Are We Getting False Survival Warnings From Fake News?

You must have heard of those metered strikes that never happen. Or the fact that some of the world’s islands may only exist for a decade or so before being submerged by global warming, but they still exist half a century later. While global warming may be a threat, are we still getting fake survival warnings to prepare ourselves when the time comes?

All major issues related to individual nations such as the 2016 presidential election in the US and the Brexit vote in the United Kingdom or issues that are of concern to the whole world such as global warming and climate change are threatened by fake news that can lead to There are disastrous results. While the topic of fake news has gained a wider audience after the 2016 US election, fake news still has a worrying effect on us.

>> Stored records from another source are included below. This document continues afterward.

lemma fw_primal_rate:
  fixes h G :: "nat \<Rightarrow> real"
  assumes C: "C \<ge> 0"
    and gap: "\<And>t. t < T \<Longrightarrow> h t \<le> G t"
    and descent: "\<And>t. t < T \<Longrightarrow> h (Suc t) \<le> h t - 2 / (real t + 2) * G t + (2 / (real t + 2))\<^sup>2 * C / 2"
  shows "1 \<le> t \<Longrightarrow> t \<le> T \<Longrightarrow> h t \<le> 2 * C / (real t + 2)"
proof (induction t)
  case 0
  then show ?case by simp
next
  case (Suc t)
  have tT: "t < T" using Suc.prems by simp
  show ?case
  proof (cases "t = 0")
    case True
    then show ?thesis using descent[OF tT] gap[OF tT] C by simp
  next
    case False
    define \<gamma> where "\<gamma> = 2 / (real t + 2)"
    have \<gamma>: "0 \<le> \<gamma>" "\<gamma> \<le> 1" "1 - \<gamma> = real t / (real t + 2)" unfolding \<gamma>_def by (auto simp: field_simps)
    have "h (Suc t) \<le> (1 - \<gamma>) * h t + \<gamma>\<^sup>2 * C / 2"
      using descent[OF tT] mult_left_mono[OF gap[OF tT] \<gamma>(1)] unfolding \<gamma>_def by (simp add: algebra_simps)
    also have "\<dots> \<le> (1 - \<gamma>) * (2 * C / (real t + 2)) + \<gamma>\<^sup>2 * C / 2"
      using Suc.IH False tT \<gamma> by (intro add_right_mono mult_left_mono) auto
    also have "\<dots> = 2 * C * (real t + 1) / (real t + 2)\<^sup>2"
      unfolding \<gamma>(3) unfolding \<gamma>_def by (simp add: power2_eq_square divide_simps) (simp add: algebra_simps)
    also have "\<dots> \<le> 2 * C / (real (Suc t) + 2)"
    proof -
      have "(real t + 1) * (real t + 3) \<le> (real t + 2)\<^sup>2" by (simp add: power2_eq_square algebra_simps)
      then have "(real t + 1) / (real t + 2)\<^sup>2 \<le> 1 / (real t + 3)" by (simp add: field_simps)
      from mult_left_mono[OF this, of "2 * C"] C show ?thesis by (simp add: add.commute)
    qed
    finally show ?thesis .
  qed
qed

Fake news is not a recent phenomenon and has been in existence for a long time but with the spread of internet and social media its influence has become more widespread. The phenomenon of fake news has been aided by the rapid expansion of the digital medium and its ability to quickly deliver any message across the globe. This leads to a situation where such fake news cannot be investigated, verified or challenged before being made available worldwide.

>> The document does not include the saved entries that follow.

(* Assume (H1) and (H2) of the standing setting. Let $w\in V$ and $f\in H$. Then for every $\lambda\ge C_{\theta_1,1/4}\|w\|_V^{\theta_1}$ there exists $u\in V$ such that $$\lambda(u,v-u)+a(u,v-u)+\langle B(w,u),v-u\rangle+\varphi(v)-\varphi(u)\ge (f,v-u)\qquad\forall v\in V. \tag{O}$$ In particular, $u\in D(\partial\varphi)$.
   Context: Standing setting. $V\subset H\subset V'$ is a Gelfand triple of real Hilbert spaces ($H$ identified with its dual), with continuous and dense embeddings, and the embedding $V\hookrightarrow H$ is compact. $(\cdot,\cdot)$ denotes the inner product of $H$ and $\langle\cdot,\cdot\rangle$ the duality pairing between $V'$ and $V$. $a:V\times V\to\mathbb R$ is a bounded bilinear form with $a(u,u)\ge\alpha\|u\|^2$ for some $\alpha>0$; the norm of $V$ is taken to be $\|u\|_V:=\sqrt{a(u,u)}$. $B:V\times V\to V'$ is a bilinear operator with $|\langle B(u,v),w\rangle|\le C_B\|u\|_V\|v\|_V\|w\|_V$ for all $u,v,w\in V$. $\varphi:V\to(-\infty,+\infty]$ is convex, proper and lower semicontinuous, $D(\varphi)=\{v:\varphi(v)<\infty\}$, and $\varphi(v)\ge-C_{\varphi1}(\|v\|_V+1)$ for all $v$ for some constant $C_{\varphi1}>0$; $\partial\varphi(u)=\{\xi\in V':\langle\xi,v-u\rangle\le\varphi(v)-\varphi(u)\ \forall v\in V\}$, $D(\partial\varphi)=\{u:\partial\varphi(u)\ne\emptyset\}$. (H1) There are $C>0$, $\beta_1\in(0,1]$ with $|\langle B(u,v),v\rangle|\le C\|u\|_V\|v\|_V\|v\|_H^{\beta_1}\|v\|_V^{1-\beta_1}$ for all $u,v\in V$. Set $\theta_1:=2/\beta_1$; by Young's inequality, for every $\epsilon>0$ there is a constant $C_{\theta_1,\epsilon}>0$ (fixed once and for all) with $|\langle B(u,v),v\rangle|\le C_{\theta_1,\epsilon}\|u\|_V^{\theta_1}\|v\|_H^2+\epsilon\|v\|_V^2$ for all $u,v\in V$. (H2) For each fixed $u\in V$: if $v_j\rightharpoonup v$ and $w_j\rightharpoonup w$ weakly in $V$, then $\langle B(u,v_j),w_j\rangle\to\langle B(u,v),w\rangle$. *)

theory Defs
  imports "HOL-Analysis.Analysis"
begin

definition convex_ereal_fun :: "('v::real_vector \<Rightarrow> ereal) \<Rightarrow> bool" where
  "convex_ereal_fun \<phi> \<longleftrightarrow>
     (\<forall>x y t. 0 < t \<and> t < 1 \<longrightarrow>
        \<phi> ((1 - t) *\<^sub>R x + t *\<^sub>R y) \<le> ereal (1 - t) * \<phi> x + ereal t * \<phi> y)"

definition proper_fun :: "('v \<Rightarrow> ereal) \<Rightarrow> bool" where
  "proper_fun \<phi> \<longleftrightarrow> (\<forall>v. \<phi> v \<noteq> -\<infinity>) \<and> (\<exists>v. \<phi> v < \<infinity>)"

definition lsc_fun :: "('v::topological_space \<Rightarrow> ereal) \<Rightarrow> bool" where
  "lsc_fun \<phi> \<longleftrightarrow> (\<forall>c. closed {v. \<phi> v \<le> c})"

text \<open>Effective domain of the subdifferential: the subgradients are elements of V',
  i.e. continuous linear functionals on V; \<open>\<phi> u\<close> must be finite.\<close>
definition subdiff :: "('v::real_normed_vector \<Rightarrow> ereal) \<Rightarrow> 'v \<Rightarrow> ('v \<Rightarrow> real) set" where
  "subdiff \<phi> u = {\<xi>. bounded_linear \<xi> \<and> \<phi> u < \<infinity> \<and>
                     (\<forall>v. ereal (\<xi> (v - u)) + \<phi> u \<le> \<phi> v)}"

definition dom_subdiff :: "('v::real_normed_vector \<Rightarrow> ereal) \<Rightarrow> 'v set" where
  "dom_subdiff \<phi> = {u. subdiff \<phi> u \<noteq> {}}"

definition weak_conv :: "(nat \<Rightarrow> 'v::real_inner) \<Rightarrow> 'v \<Rightarrow> bool" where
  "weak_conv x y \<longleftrightarrow> (\<forall>z. (\<lambda>j. inner z (x j)) \<longlonglongrightarrow> inner z y)"

end

theory Submission
  imports Defs
begin

text \<open>For fixed \<open>w\<close> problem (O) is linear in \<open>u\<close>: with
  \<open>c u z = \<lambda> (u, z)\<^sub>H + a u z + b w u z\<close> it reads
  \<open>c u (v - u) - (f, v - u) + \<phi> v - \<phi> u \<ge> 0\<close>. The form \<open>c\<close> is bounded and
  coercive because Young's inequality with \<open>\<epsilon> = 1/4\<close> and the lower bound on \<open>\<lambda>\<close> give
  \<open>c u u \<ge> 3/4 a u u\<close>. So (O) is a Lions--Stampacchia variational inequality of the second
  kind. It is solved by Banach's fixed point theorem applied to \<open>u \<mapsto> P (u - \<rho> (A u - f))\<close>,
  where \<open>A\<close> is the Riesz representative of \<open>c\<close> and \<open>P\<close> the proximal map of \<open>\<rho> \<phi>\<close>; both
  come from minimising \<open>|v|\<^sup>2/2 + g v\<close> for convex lower semicontinuous \<open>g\<close>, whose
  minimising sequences are Cauchy by the parallelogram law. The solution \<open>u\<close> lies in
  \<open>D(\<partial>\<phi>)\<close> because (O) says precisely that \<open>f - c u\<close> is a subgradient at \<open>u\<close>.\<close>

lemma closed_sublevels_tendsto_le:
  fixes g :: "'a::metric_space \<Rightarrow> real"
  assumes closed: "\<And>c. closed {v\<in>D. g v \<le> c}"
    and x: "\<And>n. x n \<in> D" "x \<longlonglongrightarrow> z"
    and s: "\<And>n. g (x n) \<le> s n" "s \<longlonglongrightarrow> c"
  shows "z \<in> D \<and> g z \<le> c"
proof -
  have z: "z \<in> {v\<in>D. g v \<le> c + e}" if "e > 0" for e
  proof (rule Lim_in_closed_set[OF closed _ _ x(2)])
    have "eventually (\<lambda>n. s n < c + e) sequentially"
      using order_tendstoD(2)[OF s(2)] that by simp
    then show "eventually (\<lambda>n. x n \<in> {v\<in>D. g v \<le> c + e}) sequentially"
      by eventually_elim (simp add: x(1) order_trans[OF s(1) less_imp_le])
  qed simp
  show ?thesis
    using z[of 1] z by (auto intro: field_le_epsilon)
qed

lemma closed_sublevels_add_continuous:
  fixes g h :: "'a::metric_space \<Rightarrow> real"
  assumes closed: "\<And>c. closed {v\<in>D. g v \<le> c}" and h: "continuous_on UNIV h"
  shows "closed {v\<in>D. g v + h v \<le> c}"
  unfolding closed_sequential_limits
proof (intro allI impI, elim conjE)
  fix x z assume x: "\<forall>n. x n \<in> {v\<in>D. g v + h v \<le> c}" "x \<longlonglongrightarrow> z"
  have "(\<lambda>n. c - h (x n)) \<longlonglongrightarrow> c - h z"
    using continuous_on_tendsto_compose[OF h x(2)] by (intro tendsto_intros) auto
  moreover have "x n \<in> D" "g (x n) \<le> c - h (x n)" for n
    using spec[OF x(1), of n] by auto
  ultimately have "z \<in> D \<and> g z \<le> c - h z"
    by (intro closed_sublevels_tendsto_le[OF closed _ x(2)])
  then show "z \<in> {v\<in>D. g v + h v \<le> c}"
    by simp
qed

lemma Cauchy_if_sq_dist_le:
  fixes x :: "nat \<Rightarrow> 'a::metric_space"
  assumes dist: "\<And>n k. (dist (x n) (x k))\<^sup>2 \<le> e n + e k" and e: "e \<longlonglongrightarrow> 0"
  shows "Cauchy x"
proof (rule metric_CauchyI)
  fix \<epsilon> :: real assume "\<epsilon> > 0"
  then obtain N where N: "\<And>n. n \<ge> N \<Longrightarrow> e n < \<epsilon>\<^sup>2 / 2"
    using order_tendstoD(2)[OF e, of "\<epsilon>\<^sup>2 / 2"] by (auto simp: eventually_sequentially)
  have "dist (x n) (x k) < \<epsilon>" if "n \<ge> N" "k \<ge> N" for n k
  proof -
    have "(dist (x n) (x k))\<^sup>2 < \<epsilon>\<^sup>2"
      using dist[of n k] N[OF that(1)] N[OF that(2)] by linarith
    then show ?thesis
      using \<open>\<epsilon> > 0\<close> by (simp add: power_less_imp_less_base)
  qed
  then show "\<exists>M. \<forall>m\<ge>M. \<forall>n\<ge>M. dist (x m) (x n) < \<epsilon>" by blast
qed

lemma sq_dist_le_of_near_minimal:
  fixes g :: "'v::real_inner \<Rightarrow> real"
  assumes conv: "convex_on D g" and "x \<in> D" "y \<in> D"
    and m: "\<And>v. v \<in> D \<Longrightarrow> m \<le> (norm v)\<^sup>2 / 2 + g v"
  shows "(dist x y)\<^sup>2 \<le> 4 * ((norm x)\<^sup>2 / 2 + g x - m) + 4 * ((norm y)\<^sup>2 / 2 + g y - m)"
proof -
  let ?z = "(1/2) *\<^sub>R x + (1/2) *\<^sub>R y"
  have "?z \<in> D"
    using convexD[OF convex_on_imp_convex[OF conv] assms(2,3)] by simp
  then have "m \<le> (norm ?z)\<^sup>2 / 2 + g ?z" by (rule m)
  moreover have "g ?z \<le> g x / 2 + g y / 2"
    using convex_onD[OF conv, of "1/2"] assms(2,3) by simp
  moreover have "(norm ?z)\<^sup>2 = (norm x)\<^sup>2 / 2 + (norm y)\<^sup>2 / 2 - (norm (x - y))\<^sup>2 / 4"
    unfolding power2_norm_eq_inner
    by (simp add: inner_add_left inner_add_right inner_diff_left inner_diff_right inner_commute field_simps)
  ultimately show ?thesis
    unfolding dist_norm by argo
qed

Scientists are battling with fake news. Scientists studying climate change are grappling with this phenomenon of fake news, which has been able to sow the seeds of confusion in the minds of the general public, whose support is needed to implement changes to save the environment as well as make decisions. It is the responsibility of the taker. To make decisions that are necessary, even when painful, to prevent further environmental damage.

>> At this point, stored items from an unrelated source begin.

(* Let $(X,T)$ be a Cantor minimal system and let $E(X,T)=\{\theta\in\mathbb R:\exp(2\pi i\theta)\text{ is a continuous eigenvalue of }T\}$. For $\theta\in[0,1)\cap E(X,T)$ let $U_\theta$ be a clopen subset of $X$ such that $1_{U_\theta}-\theta\mathbf 1$ is a real coboundary (such a set exists, with $U_0=\emptyset$). For $\theta\in E(X,T)$ define $\Theta(\theta)=\lfloor\theta\rfloor[1_X]+[1_{U_{\{\theta\}}}]\in K^0(X,T)$, where $\{\theta\}=\theta-\lfloor\theta\rfloor$. Then $\Theta$ is well defined (independent of the choice of the sets $U_{\{\theta\}}$) and $\Theta:E(X,T)\to K^0(X,T)$ is an injective group homomorphism.
   Context: A Cantor minimal system is a homeomorphism $T$ of a Cantor set $X$ with all orbits dense. A continuous eigenvalue is $\lambda\in\mathbb C$ with $f\circ T=\lambda f$ for some continuous $f:X\to\mathbb S^1$. A real coboundary is a function of the form $F-F\circ T$ with $F\in C(X,\mathbb R)$. $K^0(X,T)=C(X,\mathbb Z)/\{f-f\circ T:f\in C(X,\mathbb Z)\}$ and $[f]$ denotes the class of $f$. *)

theory Defs
  imports "HOL-Analysis.Analysis"
begin

definition cantor_set :: "'a::metric_space set \<Rightarrow> bool" where
  "cantor_set X \<longleftrightarrow> X \<noteq> {} \<and> compact X \<and> (\<forall>x\<in>X. x islimpt X)
     \<and> (\<forall>x\<in>X. connected_component_set X x = {x})"

definition orbit :: "('a \<Rightarrow> 'a) \<Rightarrow> ('a \<Rightarrow> 'a) \<Rightarrow> 'a \<Rightarrow> 'a set" where
  "orbit T S x = {(T ^^ n) x | n. True} \<union> {(S ^^ n) x | n. True}"

definition cantor_minimal_system :: "'a::metric_space set \<Rightarrow> ('a \<Rightarrow> 'a) \<Rightarrow> bool" where
  "cantor_minimal_system X T \<longleftrightarrow> cantor_set X \<and>
     (\<exists>S. homeomorphism X X T S \<and> (\<forall>x\<in>X. closure (orbit T S x) = X))"

definition cont_eigenvalue :: "'a::metric_space set \<Rightarrow> ('a \<Rightarrow> 'a) \<Rightarrow> complex \<Rightarrow> bool" where
  "cont_eigenvalue X T lam \<longleftrightarrow> (\<exists>f::'a \<Rightarrow> complex. continuous_on X f \<and>
     (\<forall>x\<in>X. norm (f x) = 1) \<and> (\<forall>x\<in>X. f (T x) = lam * f x))"

definition eigen_set :: "'a::metric_space set \<Rightarrow> ('a \<Rightarrow> 'a) \<Rightarrow> real set" where
  "eigen_set X T = {\<theta>. cont_eigenvalue X T (exp (2 * of_real pi * \<i> * of_real \<theta>))}"

definition real_coboundary :: "'a::metric_space set \<Rightarrow> ('a \<Rightarrow> 'a) \<Rightarrow> ('a \<Rightarrow> real) \<Rightarrow> bool" where
  "real_coboundary X T g \<longleftrightarrow> (\<exists>F. continuous_on X F \<and> (\<forall>x\<in>X. g x = F x - F (T x)))"

text \<open>Integer-valued continuous functions on X (Z carries the discrete topology,
  which is the subspace topology from R).\<close>
definition cont_int :: "'a::metric_space set \<Rightarrow> ('a \<Rightarrow> int) \<Rightarrow> bool" where
  "cont_int X f \<longleftrightarrow> continuous_on X (\<lambda>x. real_of_int (f x))"

text \<open>Equality of classes in K^0(X,T) = C(X,Z) / {h - h \<circ> T}.\<close>
definition K0_eq :: "'a::metric_space set \<Rightarrow> ('a \<Rightarrow> 'a) \<Rightarrow> ('a \<Rightarrow> int) \<Rightarrow> ('a \<Rightarrow> int) \<Rightarrow> bool" where
  "K0_eq X T f g \<longleftrightarrow> (\<exists>h. cont_int X h \<and> (\<forall>x\<in>X. f x - g x = h x - h (T x)))"

definition clopen_in :: "'a::metric_space set \<Rightarrow> 'a set \<Rightarrow> bool" where
  "clopen_in X U \<longleftrightarrow> openin (top_of_set X) U \<and> closedin (top_of_set X) U"

definition admissible :: "'a::metric_space set \<Rightarrow> ('a \<Rightarrow> 'a) \<Rightarrow> real \<Rightarrow> 'a set \<Rightarrow> bool" where
  "admissible X T \<theta> U \<longleftrightarrow> clopen_in X U \<and>
     real_coboundary X T (\<lambda>x. indicator U x - \<theta>)"

text \<open>Representative of \<Theta>(\<theta>) = floor \<theta> [1_X] + [1_U] with U a choice of U_{frac \<theta>}.\<close>
definition Theta_rep :: "real \<Rightarrow> 'a set \<Rightarrow> 'a \<Rightarrow> int" where
  "Theta_rep \<theta> U = (\<lambda>x. \<lfloor>\<theta>\<rfloor> + indicator U x)"

end

theory Submission
  imports Defs
begin

text \<open>For an eigenvalue exp (2 \<pi> i \<theta>) with eigenfunction f, total disconnectedness lets one
  write f = exp (2 \<pi> i g) with g continuous and almost in [0, 1); then g \<circ> T - g - \<theta> is
  continuous, integer valued and takes only the values 0 and -1, and the set U where it is -1
  satisfies 1_U - \<theta> = g - g \<circ> T. The key rigidity fact is that on a minimal system an integer
  valued real coboundary is an integer coboundary (exponentiate the transfer function and use
  that invariant continuous functions are constant). Since \<Theta>(\<theta>) - \<theta> is a real coboundary,
  differences of representatives are integer valued real coboundaries, which gives well
  definedness and additivity; and if \<Theta>(\<theta>) = \<Theta>(\<eta>) then the constant \<theta> - \<eta> is a real
  coboundary, which a bounded transfer function forces to vanish.\<close>

section \<open>Clopen sets in compact totally disconnected spaces\<close>

lemma connected_component_of_top_of_set:
  "connected_component_of_set (top_of_set X) x = connected_component_set X x"
  by (auto simp: connected_component_of_def connected_component_def connectedin_subtopology)

lemma clopen_separating_closed_sets:
  fixes X :: "'a::metric_space set"
  assumes "compact X" and "\<forall>x\<in>X. connected_component_set X x = {x}"
    and "closed A" "closed B" "A \<subseteq> X" "B \<subseteq> X" "A \<inter> B = {}"
  obtains C where "clopen_in X C" "A \<subseteq> C" "C \<inter> B = {}"
proof -
  let ?X = "top_of_set X"
  have "separated_between ?X {x} B" if x: "x \<in> A" for x
  proof (rule separated_between_compact_connected_component)
    show "locally_compact_space ?X"
      using assms(1) by (simp add: compact_imp_locally_compact_space compact_space_subtopology)
    have "connected_component_of_set ?X x \<in> connected_components_of ?X"
      using x assms by (simp add: connected_component_in_connected_components_of subset_iff)
    then show "{x} \<in> connected_components_of ?X"
      using x assms by (simp add: connected_component_of_top_of_set subset_iff)
  qed (use x assms in \<open>auto simp: Hausdorff_space_subtopology closed_subset\<close>)
  moreover have "compactin ?X A"
    using assms compact_Int_closed[of X A] by (simp add: compactin_subtopology Int_absorb1)
  ultimately have "separated_between ?X A B"
    using assms by (subst separated_between_pointwise_left) auto
  then show ?thesis
    using that unfolding separated_between clopen_in_def by auto
qed

section \<open>Lifting circle-valued functions\<close>

lemma exp_two_pi_i_eq_iff:
  "exp (2 * of_real pi * \<i> * of_real a) = exp (2 * of_real pi * \<i> * of_real b) \<longleftrightarrow>
     (\<exists>n::int. a = b + of_int n)"
proof
  assume "exp (2 * of_real pi * \<i> * of_real a) = exp (2 * of_real pi * \<i> * of_real b)"
  then obtain n :: int
    where "2 * of_real pi * \<i> * of_real a = 2 * of_real pi * \<i> * of_real b + (of_int (2 * n) * pi) * \<i>"
    by (auto simp: exp_eq)
  then have "complex_of_real (2 * pi * a) * \<i> = complex_of_real (2 * pi * (b + of_int n)) * \<i>"
    by (simp add: algebra_simps)
  then have "2 * pi * a = 2 * pi * (b + of_int n)"
    by (metis complex_i_not_zero mult_cancel_right of_real_eq_iff)
  then show "\<exists>n::int. a = b + of_int n" by auto
next
  assume "\<exists>n::int. a = b + of_int n"
  then obtain n :: int where "a = b + of_int n" by blast
  then show "exp (2 * of_real pi * \<i> * of_real a) = exp (2 * of_real pi * \<i> * of_real b)"
    by (auto simp: exp_eq algebra_simps intro!: exI[of _ n])
qed

lemma abs_Arg_less_if_cos_less_Re:
  assumes "norm z = 1" and "0 \<le> a" "a \<le> pi" and "cos a < Re z"
  shows "\<bar>Arg z\<bar> < a"
proof -
  have "z \<noteq> 0"
    using assms(1) by auto
  then have "cos a < cos \<bar>Arg z\<bar>"
    using assms cos_Arg[of z] by simp
  then show ?thesis
    using assms Arg_bounded[of z] by (subst (asm) cos_mono_less_eq) auto
qed

lemma continuous_on_Arg2pi_comp:
  assumes "continuous_on D f" and "\<forall>x\<in>D. f x \<notin> \<real>\<^sub>\<ge>\<^sub>0"
  shows "continuous_on D (\<lambda>x. Arg2pi (f x))"
proof -
  have "continuous_on (f ` D) Arg2pi"
    using assms(2) by (auto intro!: continuous_at_imp_continuous_on continuous_at_Arg2pi)
  then show ?thesis
    using assms(1) continuous_on_compose2 by blast
qed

In such a scenario it is necessary that scientists intensify their efforts for wide dissemination of correct and factual data so that people become more science literate and appreciate facts and do not leak misinformation campaigns and deliberate fake news. World bodies such as the United Nations believe that the 2030 Sustainable Development Goals can be met only if scientific literature and discoveries find a wider audience.

Misinformation campaigns and deliberately leaked fake news and controversies have led to a situation where surveys from both the US and UK show that even though most scientists agree with the fact that the phenomenon of modern-day climate change is significant. To some extent inspired by human activities. The general public is not aware of such a consensus on the issue, while many believe that it is still an unresolved issue. Such a massive denial of climate change and its causes is a direct result of the failure of the scientific community to effectively challenge fake news about the issue.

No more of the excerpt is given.